The data:
(* Let $S_n^0$ be the set of elements of $S_n$ all of whose coordinates are nonzero (i.e. $S_n^0=\{s\in\{-1,1\}^n: s_1=1\}$). Then $S_n^0$ is a minimal element (with respect to inclusion) of the poset $\mathcal{E}_n=\{X\subseteq S_n:\mathrm{Elim}(X)=S_n\}$; that is, $\mathrm{Elim}(S_n^0)=S_n$ and $\mathrm{Elim}(Y)\neq S_n$ for every proper subset $Y\subsetneq S_n^0$.
   Context: $S_n$ is the set of all nonzero $n$-tuples in $\{-1,0,1\}^n$ whose first nonzero entry equals $1$. A tuple $t=(t_1,\dots,t_n)\in\{1,0,-1,u\}^n$ ($u$ a formal symbol) eliminates $s\in S_n$ if: (i) $t_i\neq0$ and $s_i\neq0$ for some $i$; (ii) there is $k\in\{+1,-1\}$ with $t_i=ks_i$ for all $i$ with $s_i\neq0$ and $t_i\neq0$; (iii) $s_i=0$ whenever $t_i=u$. For $X\subseteq S_n$, $\mathrm{Elim}(X)$ is the set of elements of $S_n$ eliminated by at least one element of $X$. *)

theory Defs
  imports Main
begin

text \<open>n-tuples are lists of length n. Entries of a tuple t in {1,0,-1,u}^n are
  represented as int option: Some c for c in {1,0,-1}, None for the formal symbol u.\<close>

definition S :: "nat \<Rightarrow> int list set" where
  "S n = {s. length s = n \<and> set s \<subseteq> {-1, 0, 1} \<and>
             (\<exists>i<n. s ! i = 1 \<and> (\<forall>j<i. s ! j = 0))}"

definition S0 :: "nat \<Rightarrow> int list set" where
  "S0 n = {s \<in> S n. \<forall>i<n. s ! i \<noteq> 0}"

definition eliminates :: "int option list \<Rightarrow> int list \<Rightarrow> bool" where
  "eliminates t s \<longleftrightarrow> length t = length s \<and>
     (\<exists>i<length s. t ! i \<noteq> Some 0 \<and> s ! i \<noteq> 0) \<and>
     (\<exists>k\<in>{1, -1::int}. \<forall>i<length s. t ! i \<noteq> Some 0 \<and> s ! i \<noteq> 0 \<longrightarrow> t ! i = Some (k * s ! i)) \<and>
     (\<forall>i<length s. t ! i = None \<longrightarrow> s ! i = 0)"

definition Elim :: "nat \<Rightarrow> int list set \<Rightarrow> int list set" where
  "Elim n X = {s \<in> S n. \<exists>t\<in>X. eliminates (map Some t) s}"

end

theory Submission
  imports Defs
begin

text \<open>Every s in S n is eliminated by the tuple of S0 n obtained from s by replacing each
  zero entry with 1, since elimination only compares positions where s is nonzero.
  Conversely, a full-support tuple t can eliminate a full-support s only if t = k s with
  k = 1 or k = -1, and the normalisation of the first entry forces k = 1. Hence each
  element of S0 n is eliminated by no other element of S0 n, so no proper subset of
  S0 n suffices.\<close>

lemma S0_subset_S: "S0 n \<subseteq> S n"
  unfolding S0_def by auto

lemma S_length: "s \<in> S n \<Longrightarrow> length s = n"
  unfolding S_def by auto

lemma S_nonempty_length: "s \<in> S n \<Longrightarrow> 0 < n"
  unfolding S_def by auto

lemma S_nth_0: assumes "s \<in> S n" "s ! 0 \<noteq> 0" shows "s ! 0 = 1"
proof -
  from assms(1) obtain i where i: "s ! i = 1" "\<forall>j<i. s ! j = 0"
    unfolding S_def by auto
  with assms(2) have "i = 0" by (cases i) auto
  with i show ?thesis by simp
qed

lemma S0_nth_0: "s \<in> S0 n \<Longrightarrow> s ! 0 = 1"
  using S_nth_0 S_nonempty_length unfolding S0_def by blast

definition fill_zeros :: "int list \<Rightarrow> int list" where
  "fill_zeros s = map (\<lambda>x. if x = 0 then 1 else x) s"

lemma fill_zeros_in_S0: assumes "s \<in> S n" shows "fill_zeros s \<in> S0 n"
proof -
  have n: "0 < n" "length s = n" "set s \<subseteq> {-1, 0, 1}"
    using assms unfolding S_def by auto
  have "fill_zeros s ! 0 = 1"
    using S_nth_0[OF assms] n unfolding fill_zeros_def by auto
  with n show ?thesis
    unfolding S0_def S_def fill_zeros_def by auto
qed

lemma eliminates_fill_zeros: assumes "s \<in> S n" shows "eliminates (map Some (fill_zeros s)) s"
proof -
  obtain i where "i < n" "s ! i = 1"
    using assms unfolding S_def by auto
  then show ?thesis
    using S_length[OF assms] unfolding eliminates_def fill_zeros_def
    by (auto intro!: bexI[where x = 1] exI[where x = i])
qed

lemma Elim_S0: "Elim n (S0 n) = S n"
  using fill_zeros_in_S0 eliminates_fill_zeros unfolding Elim_def by blast

lemma eliminates_full_support_eq:
  assumes elim: "eliminates (map Some t) s"
    and s_nz: "\<forall>i<length s. s ! i \<noteq> 0" and t_nz: "\<forall>i<length t. t ! i \<noteq> 0"
    and first: "0 < length s" "t ! 0 = s ! 0"
  shows "t = s"
proof -
  from elim obtain k :: int where k: "k \<in> {1, -1}"
    and scaled: "\<forall>i<length s. map Some t ! i \<noteq> Some 0 \<and> s ! i \<noteq> 0 \<longrightarrow>
                   map Some t ! i = Some (k * s ! i)"
    and len: "length t = length s"
    unfolding eliminates_def by (metis length_map)
  have eq: "t ! i = k * s ! i" if "i < length s" for i
    using scaled s_nz t_nz len that by auto
  have "k = 1"
    using eq[of 0] first s_nz k by auto
  with eq len show ?thesis by (auto intro: nth_equalityI)
qed

lemma S0_eliminated_only_by_itself:
  assumes "s \<in> S0 n" "t \<in> S0 n" "eliminates (map Some t) s"
  shows "t = s"
proof (rule eliminates_full_support_eq[OF assms(3)])
  have "length s = n" "length t = n" "0 < n"
    using assms(1,2) S_length S_nonempty_length unfolding S0_def by auto
  then show "\<forall>i<length s. s ! i \<noteq> 0" "\<forall>i<length t. t ! i \<noteq> 0" "0 < length s"
    using assms(1,2) unfolding S0_def by auto
  show "t ! 0 = s ! 0"
    using assms(1,2) S0_nth_0 by simp
qed

lemma Elim_proper_subset_S0:
  assumes "Y \<subset> S0 n" shows "Elim n Y \<noteq> S n"
proof -
  obtain s where s: "s \<in> S0 n" "s \<notin> Y"
    using assms by auto
  have "s \<notin> Elim n Y"
    using S0_eliminated_only_by_itself[OF s(1)] s(2) assms unfolding Elim_def by blast
  with s(1) S0_subset_S show ?thesis by blast
qed

theorem mainTheorem7:
  fixes n :: nat
  shows "S0 n \<subseteq> S n \<and> Elim n (S0 n) = S n \<and>
         (\<forall>Y. Y \<subset> S0 n \<longrightarrow> Elim n Y \<noteq> S n)"
  using S0_subset_S Elim_S0 Elim_proper_subset_S0 by blast

end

Task instructions:
So that nothing is lost, please reproduce each entry exactly as written.

Exercise answer:
(* Let $S_n^0$ be the set of elements of $S_n$ all of whose coordinates are nonzero (i.e. $S_n^0=\{s\in\{-1,1\}^n: s_1=1\}$). Then $S_n^0$ is a minimal element (with respect to inclusion) of the poset $\mathcal{E}_n=\{X\subseteq S_n:\mathrm{Elim}(X)=S_n\}$; that is, $\mathrm{Elim}(S_n^0)=S_n$ and $\mathrm{Elim}(Y)\neq S_n$ for every proper subset $Y\subsetneq S_n^0$.
   Context: $S_n$ is the set of all nonzero $n$-tuples in $\{-1,0,1\}^n$ whose first nonzero entry equals $1$. A tuple $t=(t_1,\dots,t_n)\in\{1,0,-1,u\}^n$ ($u$ a formal symbol) eliminates $s\in S_n$ if: (i) $t_i\neq0$ and $s_i\neq0$ for some $i$; (ii) there is $k\in\{+1,-1\}$ with $t_i=ks_i$ for all $i$ with $s_i\neq0$ and $t_i\neq0$; (iii) $s_i=0$ whenever $t_i=u$. For $X\subseteq S_n$, $\mathrm{Elim}(X)$ is the set of elements of $S_n$ eliminated by at least one element of $X$. *)

theory Defs
  imports Main
begin

text \<open>n-tuples are lists of length n. Entries of a tuple t in {1,0,-1,u}^n are
  represented as int option: Some c for c in {1,0,-1}, None for the formal symbol u.\<close>

definition S :: "nat \<Rightarrow> int list set" where
  "S n = {s. length s = n \<and> set s \<subseteq> {-1, 0, 1} \<and>
             (\<exists>i<n. s ! i = 1 \<and> (\<forall>j<i. s ! j = 0))}"

definition S0 :: "nat \<Rightarrow> int list set" where
  "S0 n = {s \<in> S n. \<forall>i<n. s ! i \<noteq> 0}"

definition eliminates :: "int option list \<Rightarrow> int list \<Rightarrow> bool" where
  "eliminates t s \<longleftrightarrow> length t = length s \<and>
     (\<exists>i<length s. t ! i \<noteq> Some 0 \<and> s ! i \<noteq> 0) \<and>
     (\<exists>k\<in>{1, -1::int}. \<forall>i<length s. t ! i \<noteq> Some 0 \<and> s ! i \<noteq> 0 \<longrightarrow> t ! i = Some (k * s ! i)) \<and>
     (\<forall>i<length s. t ! i = None \<longrightarrow> s ! i = 0)"

definition Elim :: "nat \<Rightarrow> int list set \<Rightarrow> int list set" where
  "Elim n X = {s \<in> S n. \<exists>t\<in>X. eliminates (map Some t) s}"

end

theory Submission
  imports Defs
begin

text \<open>Every s in S n is eliminated by the tuple of S0 n obtained from s by replacing each
  zero entry with 1, since elimination only compares positions where s is nonzero.
  Conversely, a full-support tuple t can eliminate a full-support s only if t = k s with
  k = 1 or k = -1, and the normalisation of the first entry forces k = 1. Hence each
  element of S0 n is eliminated by no other element of S0 n, so no proper subset of
  S0 n suffices.\<close>

lemma S0_subset_S: "S0 n \<subseteq> S n"
  unfolding S0_def by auto

lemma S_length: "s \<in> S n \<Longrightarrow> length s = n"
  unfolding S_def by auto

lemma S_nonempty_length: "s \<in> S n \<Longrightarrow> 0 < n"
  unfolding S_def by auto

lemma S_nth_0: assumes "s \<in> S n" "s ! 0 \<noteq> 0" shows "s ! 0 = 1"
proof -
  from assms(1) obtain i where i: "s ! i = 1" "\<forall>j<i. s ! j = 0"
    unfolding S_def by auto
  with assms(2) have "i = 0" by (cases i) auto
  with i show ?thesis by simp
qed

lemma S0_nth_0: "s \<in> S0 n \<Longrightarrow> s ! 0 = 1"
  using S_nth_0 S_nonempty_length unfolding S0_def by blast

definition fill_zeros :: "int list \<Rightarrow> int list" where
  "fill_zeros s = map (\<lambda>x. if x = 0 then 1 else x) s"

lemma fill_zeros_in_S0: assumes "s \<in> S n" shows "fill_zeros s \<in> S0 n"
proof -
  have n: "0 < n" "length s = n" "set s \<subseteq> {-1, 0, 1}"
    using assms unfolding S_def by auto
  have "fill_zeros s ! 0 = 1"
    using S_nth_0[OF assms] n unfolding fill_zeros_def by auto
  with n show ?thesis
    unfolding S0_def S_def fill_zeros_def by auto
qed

lemma eliminates_fill_zeros: assumes "s \<in> S n" shows "eliminates (map Some (fill_zeros s)) s"
proof -
  obtain i where "i < n" "s ! i = 1"
    using assms unfolding S_def by auto
  then show ?thesis
    using S_length[OF assms] unfolding eliminates_def fill_zeros_def
    by (auto intro!: bexI[where x = 1] exI[where x = i])
qed

lemma Elim_S0: "Elim n (S0 n) = S n"
  using fill_zeros_in_S0 eliminates_fill_zeros unfolding Elim_def by blast

lemma eliminates_full_support_eq:
  assumes elim: "eliminates (map Some t) s"
    and s_nz: "\<forall>i<length s. s ! i \<noteq> 0" and t_nz: "\<forall>i<length t. t ! i \<noteq> 0"
    and first: "0 < length s" "t ! 0 = s ! 0"
  shows "t = s"
proof -
  from elim obtain k :: int where k: "k \<in> {1, -1}"
    and scaled: "\<forall>i<length s. map Some t ! i \<noteq> Some 0 \<and> s ! i \<noteq> 0 \<longrightarrow>
                   map Some t ! i = Some (k * s ! i)"
    and len: "length t = length s"
    unfolding eliminates_def by (metis length_map)
  have eq: "t ! i = k * s ! i" if "i < length s" for i
    using scaled s_nz t_nz len that by auto
  have "k = 1"
    using eq[of 0] first s_nz k by auto
  with eq len show ?thesis by (auto intro: nth_equalityI)
qed

lemma S0_eliminated_only_by_itself:
  assumes "s \<in> S0 n" "t \<in> S0 n" "eliminates (map Some t) s"
  shows "t = s"
proof (rule eliminates_full_support_eq[OF assms(3)])
  have "length s = n" "length t = n" "0 < n"
    using assms(1,2) S_length S_nonempty_length unfolding S0_def by auto
  then show "\<forall>i<length s. s ! i \<noteq> 0" "\<forall>i<length t. t ! i \<noteq> 0" "0 < length s"
    using assms(1,2) unfolding S0_def by auto
  show "t ! 0 = s ! 0"
    using assms(1,2) S0_nth_0 by simp
qed

lemma Elim_proper_subset_S0:
  assumes "Y \<subset> S0 n" shows "Elim n Y \<noteq> S n"
proof -
  obtain s where s: "s \<in> S0 n" "s \<notin> Y"
    using assms by auto
  have "s \<notin> Elim n Y"
    using S0_eliminated_only_by_itself[OF s(1)] s(2) assms unfolding Elim_def by blast
  with s(1) S0_subset_S show ?thesis by blast
qed

theorem mainTheorem7:
  fixes n :: nat
  shows "S0 n \<subseteq> S n \<and> Elim n (S0 n) = S n \<and>
         (\<forall>Y. Y \<subset> S0 n \<longrightarrow> Elim n Y \<noteq> S n)"
  using S0_subset_S Elim_S0 Elim_proper_subset_S0 by blast

end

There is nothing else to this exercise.